* _Work order_
Lines holding the string "blast": copy each one from the listing below.

* _Data_
-*-
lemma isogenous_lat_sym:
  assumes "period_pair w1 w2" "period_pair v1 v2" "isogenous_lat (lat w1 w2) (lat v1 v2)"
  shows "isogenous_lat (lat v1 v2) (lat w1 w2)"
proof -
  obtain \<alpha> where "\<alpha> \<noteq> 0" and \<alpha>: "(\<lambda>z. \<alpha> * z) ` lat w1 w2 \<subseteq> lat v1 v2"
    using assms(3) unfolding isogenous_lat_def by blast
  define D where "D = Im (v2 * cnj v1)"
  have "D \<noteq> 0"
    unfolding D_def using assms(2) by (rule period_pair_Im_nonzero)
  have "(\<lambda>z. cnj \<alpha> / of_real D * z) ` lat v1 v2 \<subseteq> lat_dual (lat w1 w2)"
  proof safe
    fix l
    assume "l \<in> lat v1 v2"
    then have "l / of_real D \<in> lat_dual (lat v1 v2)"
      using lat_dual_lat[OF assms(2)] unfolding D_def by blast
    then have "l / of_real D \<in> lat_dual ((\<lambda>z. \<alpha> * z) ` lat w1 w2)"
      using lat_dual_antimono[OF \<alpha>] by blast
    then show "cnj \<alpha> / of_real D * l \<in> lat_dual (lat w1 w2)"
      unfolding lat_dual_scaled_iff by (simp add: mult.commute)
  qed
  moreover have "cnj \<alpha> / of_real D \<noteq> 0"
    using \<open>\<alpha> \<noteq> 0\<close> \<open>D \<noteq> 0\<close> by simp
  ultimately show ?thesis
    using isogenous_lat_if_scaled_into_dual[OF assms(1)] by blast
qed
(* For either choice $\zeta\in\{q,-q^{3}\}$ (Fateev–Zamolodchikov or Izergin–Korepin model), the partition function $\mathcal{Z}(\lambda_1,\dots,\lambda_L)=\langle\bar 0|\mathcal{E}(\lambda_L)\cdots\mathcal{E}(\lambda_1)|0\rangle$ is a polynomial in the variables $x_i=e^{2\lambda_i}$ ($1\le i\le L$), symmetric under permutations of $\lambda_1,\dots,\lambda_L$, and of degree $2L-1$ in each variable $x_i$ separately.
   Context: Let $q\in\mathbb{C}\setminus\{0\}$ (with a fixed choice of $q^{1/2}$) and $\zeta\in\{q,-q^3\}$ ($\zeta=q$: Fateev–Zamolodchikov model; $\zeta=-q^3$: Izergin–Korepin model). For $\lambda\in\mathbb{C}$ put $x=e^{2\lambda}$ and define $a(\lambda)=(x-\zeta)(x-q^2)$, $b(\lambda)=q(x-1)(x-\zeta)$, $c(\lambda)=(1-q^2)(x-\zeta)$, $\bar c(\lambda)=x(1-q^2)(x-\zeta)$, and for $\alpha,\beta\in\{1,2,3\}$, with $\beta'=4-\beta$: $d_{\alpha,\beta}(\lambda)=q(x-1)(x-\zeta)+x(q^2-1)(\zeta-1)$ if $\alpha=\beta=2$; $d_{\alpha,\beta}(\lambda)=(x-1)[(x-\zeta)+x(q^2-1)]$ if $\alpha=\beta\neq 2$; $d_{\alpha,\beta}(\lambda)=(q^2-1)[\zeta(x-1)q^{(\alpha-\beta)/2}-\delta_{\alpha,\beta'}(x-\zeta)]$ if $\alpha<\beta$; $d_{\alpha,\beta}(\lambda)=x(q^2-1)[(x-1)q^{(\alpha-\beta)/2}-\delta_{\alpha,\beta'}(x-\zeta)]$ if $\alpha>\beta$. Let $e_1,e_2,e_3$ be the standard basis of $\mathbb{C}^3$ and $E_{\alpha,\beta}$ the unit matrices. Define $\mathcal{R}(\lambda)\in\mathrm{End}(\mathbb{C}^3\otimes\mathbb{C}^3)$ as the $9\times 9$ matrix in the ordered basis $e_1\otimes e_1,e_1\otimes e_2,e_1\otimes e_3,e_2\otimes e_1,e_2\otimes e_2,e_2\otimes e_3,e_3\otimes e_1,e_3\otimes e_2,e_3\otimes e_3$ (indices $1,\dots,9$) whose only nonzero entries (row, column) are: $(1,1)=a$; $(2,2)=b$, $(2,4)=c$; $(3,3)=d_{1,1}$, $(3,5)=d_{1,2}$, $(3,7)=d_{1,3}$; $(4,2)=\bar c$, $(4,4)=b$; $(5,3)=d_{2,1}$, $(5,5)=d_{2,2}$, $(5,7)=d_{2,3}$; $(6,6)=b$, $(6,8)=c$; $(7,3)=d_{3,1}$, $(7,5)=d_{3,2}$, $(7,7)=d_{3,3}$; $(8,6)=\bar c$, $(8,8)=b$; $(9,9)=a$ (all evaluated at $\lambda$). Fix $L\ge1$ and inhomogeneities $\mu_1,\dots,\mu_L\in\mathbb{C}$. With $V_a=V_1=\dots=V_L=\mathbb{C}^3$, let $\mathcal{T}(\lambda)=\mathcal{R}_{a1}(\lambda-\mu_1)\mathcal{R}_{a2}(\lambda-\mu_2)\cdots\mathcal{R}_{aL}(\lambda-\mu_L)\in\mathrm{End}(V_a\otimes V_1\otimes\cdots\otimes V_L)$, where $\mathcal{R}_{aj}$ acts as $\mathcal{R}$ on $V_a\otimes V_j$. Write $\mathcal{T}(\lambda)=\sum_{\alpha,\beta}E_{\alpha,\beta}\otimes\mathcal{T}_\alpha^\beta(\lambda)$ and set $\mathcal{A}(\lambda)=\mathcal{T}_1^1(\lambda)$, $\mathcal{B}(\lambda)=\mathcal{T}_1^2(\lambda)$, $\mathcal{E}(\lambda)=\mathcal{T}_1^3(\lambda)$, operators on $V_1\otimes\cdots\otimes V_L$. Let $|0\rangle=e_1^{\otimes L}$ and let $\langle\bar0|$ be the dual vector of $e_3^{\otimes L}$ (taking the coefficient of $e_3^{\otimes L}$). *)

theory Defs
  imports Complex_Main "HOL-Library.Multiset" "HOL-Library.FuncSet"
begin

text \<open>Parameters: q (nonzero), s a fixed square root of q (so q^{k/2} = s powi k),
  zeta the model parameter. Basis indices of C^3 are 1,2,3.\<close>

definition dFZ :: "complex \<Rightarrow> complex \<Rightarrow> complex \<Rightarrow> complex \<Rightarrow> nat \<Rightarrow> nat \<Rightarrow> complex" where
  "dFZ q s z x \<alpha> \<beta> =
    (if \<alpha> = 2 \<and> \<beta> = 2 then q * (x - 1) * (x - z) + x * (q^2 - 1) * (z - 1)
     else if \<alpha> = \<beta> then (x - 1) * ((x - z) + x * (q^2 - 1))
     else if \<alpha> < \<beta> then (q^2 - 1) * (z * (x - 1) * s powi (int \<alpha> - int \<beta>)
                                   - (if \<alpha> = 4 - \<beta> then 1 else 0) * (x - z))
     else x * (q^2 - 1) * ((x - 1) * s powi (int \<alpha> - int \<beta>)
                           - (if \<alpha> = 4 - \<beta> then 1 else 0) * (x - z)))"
-*-
* _The completed task_
    using assms(3) unfolding isogenous_lat_def by blast
      using lat_dual_lat[OF assms(2)] unfolding D_def by blast
      using lat_dual_antimono[OF \<alpha>] by blast
    using isogenous_lat_if_scaled_into_dual[OF assms(1)] by blast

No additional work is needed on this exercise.